OCLC did publish bibliographic standards, but quality control 
was largely on a voluntary basis. Errors could be corrected 
by ineinbers submitting a report to the network. OCLC 
cataloging, unlike RLIN, has only one master record for each 
item in its database. Only the entering library was 
permitted to alter an I-level record, and was able to do so 
only if no other institution had attached holdings symbols. 
LC copy would replace member- contributed copy, as would 
copy from "Enhance" libraries (libraries with consistently 
top-notch cataloging that are permitted to correct or improve 
other institutions' records) (Inter 1989, 4). 

RLIN was dependent on voluntary compliance to its 
cataloging standards as well, but its pricing scale varied 
with the completeness and accuracy of the record; quality 
control was a high priority from its inception.

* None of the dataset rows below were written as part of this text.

lemma trans_iter_succ:
  assumes "m < (b::'i::wellorder)" "\<forall>n. n < b \<longrightarrow> n \<le> m"
  shows "trans_iter D K b = D (trans_iter D K m)"
proof -
  have "(THE m. m < b \<and> (\<forall>n. n < b \<longrightarrow> n \<le> m)) = m"
    by (rule the_equality) (use assms in \<open>auto intro: order.antisym\<close>)
  with assms show ?thesis
    unfolding trans_iter_def by (subst wfrec[OF wf]) (auto simp: cut_def)
qed

lemma trans_iter_limit:
  assumes "\<nexists>m. m < (b::'i::wellorder) \<and> (\<forall>n. n < b \<longrightarrow> n \<le> m)" "\<exists>m. m < b"
  shows "trans_iter D K b = (\<Inter>m\<in>{m. m < b}. trans_iter D K m)"
  unfolding trans_iter_def by (subst wfrec[OF wf]) (use assms in \<open>auto simp: cut_def\<close>)

lemma ndiam_ge:
  assumes "\<mu> \<in> S" "\<nu> \<in> S"
  shows "ereal (l1norm \<gamma> (\<mu> - \<nu>)) \<le> ndiam \<gamma> S"
  unfolding ndiam_def by (rule SUP_upper2[OF assms(1)]) (rule SUP_upper[OF assms(2)])

lemma subset_szd:
  assumes "P \<subseteq> K"
    and far: "\<And>x f t. x \<in> P \<Longrightarrow> f \<in> Cspace \<gamma> \<Longrightarrow> t < dpair \<gamma> x f
                \<Longrightarrow> \<exists>y\<in>K. t < dpair \<gamma> y f \<and> \<epsilon> \<le> l1norm \<gamma> (y - x)"
  shows "P \<subseteq> szd \<gamma> \<epsilon> K"
proof
  fix x assume x: "x \<in> P"
  have "x \<notin> wslice \<gamma> K f t" if f: "f \<in> Cspace \<gamma>" and small: "ndiam \<gamma> (wslice \<gamma> K f t) < \<epsilon>" for f t
  proof
    assume xW: "x \<in> wslice \<gamma> K f t"
    then obtain y where "y \<in> K" "t < dpair \<gamma> y f" and far_y: "\<epsilon> \<le> l1norm \<gamma> (y - x)"
      using far[OF x f] by (auto simp: wslice_def)
    then have "y \<in> wslice \<gamma> K f t" by (simp add: wslice_def)
    from ndiam_ge[OF this xW] far_y have "ereal \<epsilon> \<le> ndiam \<gamma> (wslice \<gamma> K f t)"
      by (meson ereal_less_eq(3) order_trans)
    with small show False by simp
  qed
  with x assms(1) show "x \<in> szd \<gamma> \<epsilon> K" unfolding szd_def by blast
qed

lemma subset_szd_iter:
  fixes P :: "'i::wellorder \<Rightarrow> ('a::linorder_topology \<Rightarrow> real) set"
  assumes "\<And>b. P b \<subseteq> K"
    and antimono: "\<And>b m. m < b \<Longrightarrow> P b \<subseteq> P m"
    and far: "\<And>b m x f t. m < b \<Longrightarrow> x \<in> P b \<Longrightarrow> f \<in> Cspace \<gamma> \<Longrightarrow> t < dpair \<gamma> x f
                \<Longrightarrow> \<exists>y\<in>P m. t < dpair \<gamma> y f \<and> \<epsilon> \<le> l1norm \<gamma> (y - x)"
  shows "P b \<subseteq> szd_iter \<gamma> \<epsilon> b K"
proof (induction b rule: less_induct)
  case (less b)
  consider (minimal) "\<forall>m. \<not> m < b"
    | (succ) m where "m < b" "\<forall>n. n < b \<longrightarrow> n \<le> m"
    | (limit) "\<nexists>m. m < b \<and> (\<forall>n. n < b \<longrightarrow> n \<le> m)" "\<exists>m. m < b"
    by blast
  then show ?case
  proof cases
    case minimal
    then show ?thesis using assms(1) by (simp add: szd_iter_def trans_iter_minimal)
  next
    case succ
    have "P b \<subseteq> szd \<gamma> \<epsilon> (szd_iter \<gamma> \<epsilon> m K)"
    proof (rule subset_szd)
      show "P b \<subseteq> szd_iter \<gamma> \<epsilon> m K" using less.IH[OF succ(1)] antimono[OF succ(1)] by blast
    qed (use far[OF succ(1)] less.IH[OF succ(1)] in blast)
    then show ?thesis by (simp add: szd_iter_def trans_iter_succ[OF succ])
  next
    case limit
    then show ?thesis using less.IH antimono unfolding szd_iter_def by (subst trans_iter_limit) blast+
  qed
qed

definition uniform_mass :: "'a set \<Rightarrow> 'a \<Rightarrow> real" where
  "uniform_mass F = (\<lambda>x. if x \<in> F then 1 / real (card F) else 0)"

lemma infsum_eq_sum_if_support_subset:
  assumes "finite A" "A \<subseteq> S" "\<And>x. x \<in> S - A \<Longrightarrow> g x = 0"
  shows "infsum g S = sum g A"
proof -
  have "infsum g S = infsum g A" by (rule infsum_cong_neutral) (use assms in auto)
  with assms(1) show ?thesis by simp
qed

lemma dpair_uniform_mass:
  assumes "finite F" "F \<subseteq> {..\<gamma>}"
  shows "dpair \<gamma> (uniform_mass F) f = sum f F / real (card F)"
proof -
  have "dpair \<gamma> (uniform_mass F) f = (\<Sum>x\<in>F. f x / real (card F))"
    unfolding dpair_def
    by (subst infsum_eq_sum_if_support_subset[OF assms]) (auto simp: uniform_mass_def)
  then show ?thesis by (simp add: sum_divide_distrib)
qed
lemma lsc_efun_pullback:
  fixes h :: "'b::first_countable_topology \<Rightarrow> ereal" and T :: "'a::topological_space \<Rightarrow> 'b"
  assumes "lsc_efun h" "\<forall>q. h q \<noteq> -\<infinity>" "0 < m"
    and "continuous_on UNIV T" "continuous_on UNIV c"
  shows "lsc_efun (\<lambda>p. ereal m * h (T p) + ereal (c p))"
  unfolding lsc_efun_def
proof
  fix r :: ereal
  show "closed {p. ereal m * h (T p) + ereal (c p) \<le> r}"
  proof (cases r)
    case (real s)
    have "ereal m * h (T p) + ereal (c p) \<le> ereal s \<longleftrightarrow> h (T p) \<le> ereal ((s - c p) / m)" for p
      using assms(2,3) by (cases "h (T p)") (auto simp: field_simps)
    then have "{p. ereal m * h (T p) + ereal (c p) \<le> r}
        = (\<lambda>p. (T p, (s - c p) / m)) -` {z. h (fst z) \<le> ereal (snd z)}"
      using real by auto
    also have "closed \<dots>"
      using lsc_efun_closed_epigraph[OF assms(1)] assms(3-5)
      by (intro closed_vimage continuous_intros) auto
    finally show ?thesis .
  qed (use assms(2,3) in \<open>auto simp: ereal_mult_eq_MInfty\<close>)
qed

lemma ereal_mult_add_cancel:
  fixes a b :: ereal
  assumes "0 < m" "ereal m * a + ereal c = ereal m * b + ereal c"
  shows "a = b"
  using assms by (cases a; cases b) auto

definition affine_rescale :: "real \<Rightarrow> real \<Rightarrow> 'a::real_vector \<Rightarrow> 'b::real_vector \<Rightarrow> 'a \<times> 'b \<Rightarrow> 'a \<times> 'b" where
  "affine_rescale l1 l2 w ws = (\<lambda>(x, xs). (l1 *\<^sub>R x - w, l2 *\<^sub>R xs - ws))"

lemma affine_rescale_inverse_left:
  "l1 \<noteq> 0 \<Longrightarrow> l2 \<noteq> 0 \<Longrightarrow>
     affine_rescale (inverse l1) (inverse l2) (- (w /\<^sub>R l1)) (- (ws /\<^sub>R l2)) (affine_rescale l1 l2 w ws p) = p"
  unfolding affine_rescale_def by (auto split: prod.splits simp: scaleR_diff_right)

lemma affine_rescale_inverse_right:
  "l1 \<noteq> 0 \<Longrightarrow> l2 \<noteq> 0 \<Longrightarrow>
     affine_rescale l1 l2 w ws (affine_rescale (inverse l1) (inverse l2) (- (w /\<^sub>R l1)) (- (ws /\<^sub>R l2)) p) = p"
  unfolding affine_rescale_def by (auto split: prod.splits simp: scaleR_add_right)

lemma surj_affine_rescale: "0 < l1 * l2 \<Longrightarrow> surj (affine_rescale l1 l2 w ws)"
  by (metis surjI affine_rescale_inverse_right mult_eq_0_iff less_irrefl)

lemma affine_rescale_convex_comb:
  "affine_rescale l1 l2 w ws (t *\<^sub>R p + (1 - t) *\<^sub>R q)
     = t *\<^sub>R affine_rescale l1 l2 w ws p + (1 - t) *\<^sub>R affine_rescale l1 l2 w ws q"
  unfolding affine_rescale_def by (auto split: prod.splits simp: algebra_simps)

lemma continuous_on_affine_rescale:
  "continuous_on S (affine_rescale l1 l2 (w::'a::real_normed_vector) (ws::'b::real_normed_vector))"
  unfolding affine_rescale_def case_prod_beta by (intro continuous_intros)

lemma monotone_op_affine_rescale:
  assumes "monotone_op G" "0 \<le> l1 * l2"
  shows "monotone_op (affine_rescale l1 l2 w ws ` G)"
  using assms unfolding monotone_op_def affine_rescale_def
  by (fastforce simp: pairing_scaleR_diff)

lemma maximal_monotone_affine_rescale:
  fixes G :: "('a::real_normed_vector \<times> ('a \<Rightarrow>\<^sub>L real)) set"
  assumes "maximal_monotone G" "0 < l1 * l2"
  shows "maximal_monotone (affine_rescale l1 l2 w ws ` G)"
  unfolding maximal_monotone_def
proof (intro conjI allI impI)
  let ?T = "affine_rescale l1 l2 w ws"
    and ?S = "affine_rescale (inverse l1) (inverse l2) (- (w /\<^sub>R l1)) (- (ws /\<^sub>R l2))"
  have l: "l1 \<noteq> 0" "l2 \<noteq> 0" using assms(2) by auto
  show "monotone_op (?T ` G)"
    using assms monotone_op_affine_rescale unfolding maximal_monotone_def by fastforce
  fix G' assume "monotone_op G' \<and> ?T ` G \<subseteq> G'"
  then have G': "monotone_op G'" "?T ` G \<subseteq> G'" by auto
  have "monotone_op (?S ` G')"
    using assms(2) by (intro monotone_op_affine_rescale[OF G'(1)]) (simp flip: inverse_mult_distrib)
  moreover have "G \<subseteq> ?S ` G'"
  proof
    fix p assume "p \<in> G"
    then have "?S (?T p) \<in> ?S ` G'" using G'(2) by blast
    then show "p \<in> ?S ` G'" unfolding affine_rescale_inverse_left[OF l] .
  qed
  ultimately have "?S ` G' = G"
    using assms(1) unfolding maximal_monotone_def by blast
  then have "?T ` G = ?T ` ?S ` G'" by simp
  also have "\<dots> = G'" by (simp add: image_image affine_rescale_inverse_right[OF l])
  finally show "G' = ?T ` G" ..
qed

definition rescale_correction ::
    "real \<Rightarrow> real \<Rightarrow> 'a::real_normed_vector \<Rightarrow> ('a \<Rightarrow>\<^sub>L real) \<Rightarrow> 'a \<times> ('a \<Rightarrow>\<^sub>L real) \<Rightarrow> real" where
  "rescale_correction l1 l2 w ws =
     (\<lambda>(x, xs). pairing x ws / l2 + pairing w xs / l1 - pairing w ws / (l1 * l2))"
lemma sum_Pow_card_neg_one_power_card_diff:
  assumes "finite V" "2 \<le> card V"
  shows "(\<Sum>W\<in>Pow V. int (card W) * (-1::int) ^ card (V - W)) = 0"
proof -
  obtain x where "x \<in> V"
    using assms(2) by fastforce
  define V0 where "V0 = V - {x}"
  have V: "V = insert x V0" "x \<notin> V0" "finite V0"
    using \<open>x \<in> V\<close> assms(1) by (auto simp: V0_def)
  then have "V0 \<noteq> {}"
    using assms(2) by auto
  have split: "(\<Sum>W\<in>Pow V. f W) = (\<Sum>W\<in>Pow V0. f W + f (insert x W))" for f :: "_ \<Rightarrow> int"
    using sum_Pow_insert[OF V(3,2)] by (simp add: V(1))
  have "int (card W) * (-1::int) ^ card (V - W) + int (card (insert x W)) * (-1) ^ card (V - insert x W)
      = (-1) ^ card (V0 - W)" if "W \<in> Pow V0" for W
  proof -
    have "finite W" "x \<notin> W"
      using that V finite_subset by auto
    moreover have "V - W = insert x (V0 - W)" "V - insert x W = V0 - W"
      using that V by auto
    ultimately have "card (insert x W) = Suc (card W)" "V - W = insert x (V0 - W)" "V - insert x W = V0 - W"
      by simp_all
    then show ?thesis
      using V(2,3) by (simp add: algebra_simps)
  qed
  then have "(\<Sum>W\<in>Pow V. int (card W) * (-1::int) ^ card (V - W))
      = (\<Sum>W\<in>Pow V0. (-1::int) ^ card (V0 - W))"
    by (simp add: split)
  then show ?thesis
    using sum_Pow_neg_one_power_card_diff[OF V(3) \<open>V0 \<noteq> {}\<close>] by simp
qed

lemma sum_Pow_weight_neg_one_power_card_diff:
  assumes "finite V" "2 \<le> card V" "card V \<le> k"
  shows "(\<Sum>W\<in>Pow V. int (k - card W) * (-1::int) ^ card (V - W)) = 0"
proof -
  have "int (k - card W) = int k - int (card W)" if "W \<in> Pow V" for W
    using that assms card_mono[of V W] by auto
  then have "(\<Sum>W\<in>Pow V. int (k - card W) * (-1::int) ^ card (V - W))
      = int k * (\<Sum>W\<in>Pow V. (-1) ^ card (V - W)) - (\<Sum>W\<in>Pow V. int (card W) * (-1) ^ card (V - W))"
    by (simp add: sum_distrib_left left_diff_distrib sum_subtractf)
  then show ?thesis
    using assms sum_Pow_neg_one_power_card_diff sum_Pow_card_neg_one_power_card_diff by fastforce
qed

lemma sum_Pow_sum_Pow_diff:
  assumes "finite U"
  shows "(\<Sum>W\<in>Pow U. \<Sum>I\<in>Pow (U - W). F W I) = (\<Sum>V\<in>Pow U. \<Sum>W\<in>Pow V. F W (V - W))"
proof -
  have "(\<Sum>I\<in>Pow (U - W). F W I) = (\<Sum>V\<in>{V. V \<in> Pow U \<and> W \<subseteq> V}. F W (V - W))"
    if "W \<in> Pow U" for W
    by (rule sum.reindex_bij_witness[where i="\<lambda>V. V - W" and j="\<lambda>I. W \<union> I"])
      (use that in \<open>auto intro!: arg_cong[where f="F W"]\<close>)
  then have "(\<Sum>W\<in>Pow U. \<Sum>I\<in>Pow (U - W). F W I)
      = (\<Sum>W\<in>Pow U. \<Sum>V\<in>{V. V \<in> Pow U \<and> W \<subseteq> V}. F W (V - W))"
    by (rule sum.cong[OF refl])
  also have "\<dots> = (\<Sum>V\<in>Pow U. \<Sum>W\<in>{W. W \<in> Pow U \<and> W \<subseteq> V}. F W (V - W))"
    by (rule sum.swap_restrict) (use assms in auto)
  also have "\<dots> = (\<Sum>V\<in>Pow U. \<Sum>W\<in>Pow V. F W (V - W))"
    by (intro sum.cong) auto
  finally show ?thesis .
qed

The majority 
of RLIN member libraries were academic and research 
institutions, dedicated to providing materials for graduate 
and post-graduate study. Complete and accurate catalog 
records were particularly important in serving these research 
needs. OCLC member libraries included many colleges, smaller 
universities, and public libraries. The users of these 
libraries were not primarily researchers and placed less 
importance on complete and accurate catalog records. 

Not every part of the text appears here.